And while we are on the subject of blog posts by Derek Lowe, here’s one where he points to news about Goldman Sachs funding a large pharma company and using a “new” business model

(The model involves) a different approach, creating a “research pool” into which pharma companies would place a range of experimental drugs in a single therapeutic area in early-stage phase 1 and 2 trials, where their specialists would work alongside external experts including scientists, chemists and clinical research organizations.

By the time an experimental drug is in Phase I or II trials, little ‘research’ is really being done. It is mostly development, at least with regard to dosing and such, as well as production methods. The failure rate of drugs at this late stage is much lower than during the pre-development stage, which really is what most people would call research.

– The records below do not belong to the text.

(* Let $X=\{\ell,r,s\}$ be a te-set such that $\{\ell,r\}$ is a tu-set and $|\operatorname{supp}(z)|\geq2$ for all $z\in X$. Let $j\in\operatorname{supp}(r)\cap\operatorname{supp}(\ell)$, and let $r',s'$ be the rows of $X/(\ell,j)$ corresponding to $r$ and $s$ (where $(\ell,j)$ denotes the pivot at the row $\ell$ and column $j$). If $\operatorname{supp}(r')=\operatorname{supp}(s')$, then either $\{r,s\}$ or $\{\ell,r,s\}$ is a te-lace.
   Context: A set of vectors is identified with the matrix whose rows are these vectors; $\operatorname{supp}(x)$ is the set of nonzero coordinates of $x$. A matrix is totally equimodular if every set of linearly independent rows forms a matrix of full row rank whose nonzero maximal minors all have the same absolute value, and totally unimodular if all its square submatrices have determinant in $\{0,\pm1\}$. A linearly independent set of $\{0,\pm1\}$-vectors is a te-set if its matrix is totally equimodular, a tu-set if its matrix is totally unimodular, and a te-lace if it is a te-set, not a tu-set, and all its proper subsets are tu-sets. For a position $(i,j)$ with $A_i^j\neq0$, $A/(i,j)$ is obtained from $A$ by dividing row $i$ by $A_i^j$ and adding suitable multiples of this row to the other rows so that column $j$ becomes the $i$-th unit vector. *)

theory Defs
  imports "HOL-Analysis.Analysis"
begin

text \<open>A finite set of vectors is identified with the matrix whose rows are its elements
  (row order only affects signs of minors, which are irrelevant below).\<close>

definition supp :: "real^'n \<Rightarrow> 'n set" where
  "supp x = {i. x $ i \<noteq> 0}"

definition pm01 :: "real^'n \<Rightarrow> bool" where
  "pm01 x \<longleftrightarrow> (\<forall>i. x $ i \<in> {-1, 0, 1})"

definition det_fun :: "nat \<Rightarrow> (nat \<Rightarrow> nat \<Rightarrow> real) \<Rightarrow> real" where
  "det_fun k M = (\<Sum>p | p permutes {..<k}. of_int (sign p) * (\<Prod>i<k. M i (p i)))"

definition minor :: "(real^'n) list \<Rightarrow> 'n list \<Rightarrow> real" where
  "minor rs cs = det_fun (length rs) (\<lambda>i k. (rs ! i) $ (cs ! k))"

definition totally_unimodular :: "(real^'n) set \<Rightarrow> bool" where
  "totally_unimodular X \<longleftrightarrow>
     (\<forall>rs cs. distinct rs \<and> set rs \<subseteq> X \<and> distinct cs \<and> length cs = length rs
        \<longrightarrow> minor rs cs \<in> {-1, 0, 1})"

definition totally_equimodular :: "(real^'n) set \<Rightarrow> bool" where
  "totally_equimodular X \<longleftrightarrow>
     (\<forall>Y. Y \<subseteq> X \<and> independent Y \<longrightarrow>
        (\<forall>rs cs rs' cs'.
           distinct rs \<and> set rs = Y \<and> distinct cs \<and> length cs = length rs \<and>
           distinct rs' \<and> set rs' = Y \<and> distinct cs' \<and> length cs' = length rs' \<and>
           minor rs cs \<noteq> 0 \<and> minor rs' cs' \<noteq> 0
           \<longrightarrow> \<bar>minor rs cs\<bar> = \<bar>minor rs' cs'\<bar>))"

definition te_set :: "(real^'n) set \<Rightarrow> bool" where
  "te_set X \<longleftrightarrow> independent X \<and> (\<forall>x\<in>X. pm01 x) \<and> totally_equimodular X"

definition tu_set :: "(real^'n) set \<Rightarrow> bool" where
  "tu_set X \<longleftrightarrow> independent X \<and> (\<forall>x\<in>X. pm01 x) \<and> totally_unimodular X"

definition te_lace :: "(real^'n) set \<Rightarrow> bool" where
  "te_lace X \<longleftrightarrow> te_set X \<and> \<not> tu_set X \<and> (\<forall>Y. Y \<subset> X \<longrightarrow> tu_set Y)"

text \<open>Row x after pivoting at (l, j): l_j is nonzero; the pivot row l is divided by l_j
  and x_j/l_j times l is subtracted from x so that column j becomes a unit vector.\<close>
definition pivot_row :: "real^'n \<Rightarrow> 'n \<Rightarrow> real^'n \<Rightarrow> real^'n" where
  "pivot_row l j x = x - (x $ j / l $ j) *\<^sub>R l"

end

theory Submission
  imports Defs
begin

text \<open>Pivot at \<open>(l, j)\<close> with \<open>l\<^sub>j = \<plusminus>1\<close> and write \<open>r'\<close>, \<open>s'\<close> for the pivoted rows.
  Every minor through column \<open>j\<close> factors through the pivoted rows:
  \<open>[l, x]\<close> on columns \<open>j, a\<close> gives \<open>l\<^sub>j x'\<^sub>a\<close>, and \<open>[l, r, s]\<close> on \<open>j, a, b\<close> gives
  \<open>l\<^sub>j (r'\<^sub>a s'\<^sub>b - r'\<^sub>b s'\<^sub>a)\<close>. As \<open>{l, r}\<close> is TU, \<open>r'\<close> is a \<open>{0, \<plusminus>1}\<close>-vector, and by
  independence \<open>s'\<close> is not a multiple of \<open>r'\<close>.
  If \<open>{l, r, s}\<close> were TU, \<open>s'\<close> would be a \<open>{0, \<plusminus>1}\<close>-vector with the support of \<open>r'\<close>
  agreeing with \<open>r'\<close> in sign at one column and disagreeing at another, which yields a
  3x3 minor \<open>\<plusminus>2\<close>. So \<open>{l, r, s}\<close> is not TU, and it is a lace unless one of its pairs is
  not TU. If \<open>{r, s}\<close> is not TU it is the lace. If \<open>{r, s}\<close> is TU but \<open>{l, s}\<close> is not,
  total equimodularity forces all entries of \<open>s'\<close> into \<open>{0, \<plusminus>2}\<close>, and then the 2x2
  minors of \<open>[r, s]\<close> through column \<open>j\<close> force \<open>s' = 2 r\<^sub>j s\<^sub>j r'\<close>, a contradiction.\<close>

lemma det_fun_0: "det_fun 0 M = 1"
  by (simp add: det_fun_def)

lemma det_fun_1: "det_fun 1 M = M 0 0"
proof -
  have "{..<1::nat} = {0}" by auto
  then show ?thesis by (simp add: det_fun_def permutes_sing sign_id)
qed

lemma det_fun_2: "det_fun 2 M = M 0 0 * M 1 1 - M 0 1 * M 1 0"
proof -
  have lt2: "{..<2::nat} = insert 0 {1}" by auto
  have "finite {1::nat}" "0 \<notin> {1::nat}" by auto
  note insert = sum_over_permutations_insert[OF this]
  show ?thesis
    unfolding det_fun_def lt2 insert permutes_sing
    by (simp add: sign_swap_id sign_id swap_id_eq lt2)
qed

But the large costs for drug development comes at the clinical trial stages. So it makes sense for Big Pharma to pool resources here to save some money.

That’s a model that I am sure I’ve heard being mentioned somewhere else, although I can’t remember. The concept is one that does appeal to me in general, but is phase 1 or 2 the correct time? A lot of the attrition occurs in pre-clinical work. Isn’t that the best time to share some risk and make some bets? I still like the idea of a company whose task it is to find interesting drug candidates and connect that candidate to pharma, biotech, academic researchers and funding, or a model where there would be a marketplace that early stage candidates could be placed into and companies could form collaborations or bid for the ability to take the drug forward. This isn’t that far removed for those ideas. I think the distribution fosters innovation, but having someone orchestrating the network is also critical otherwise you won’t get anywhere.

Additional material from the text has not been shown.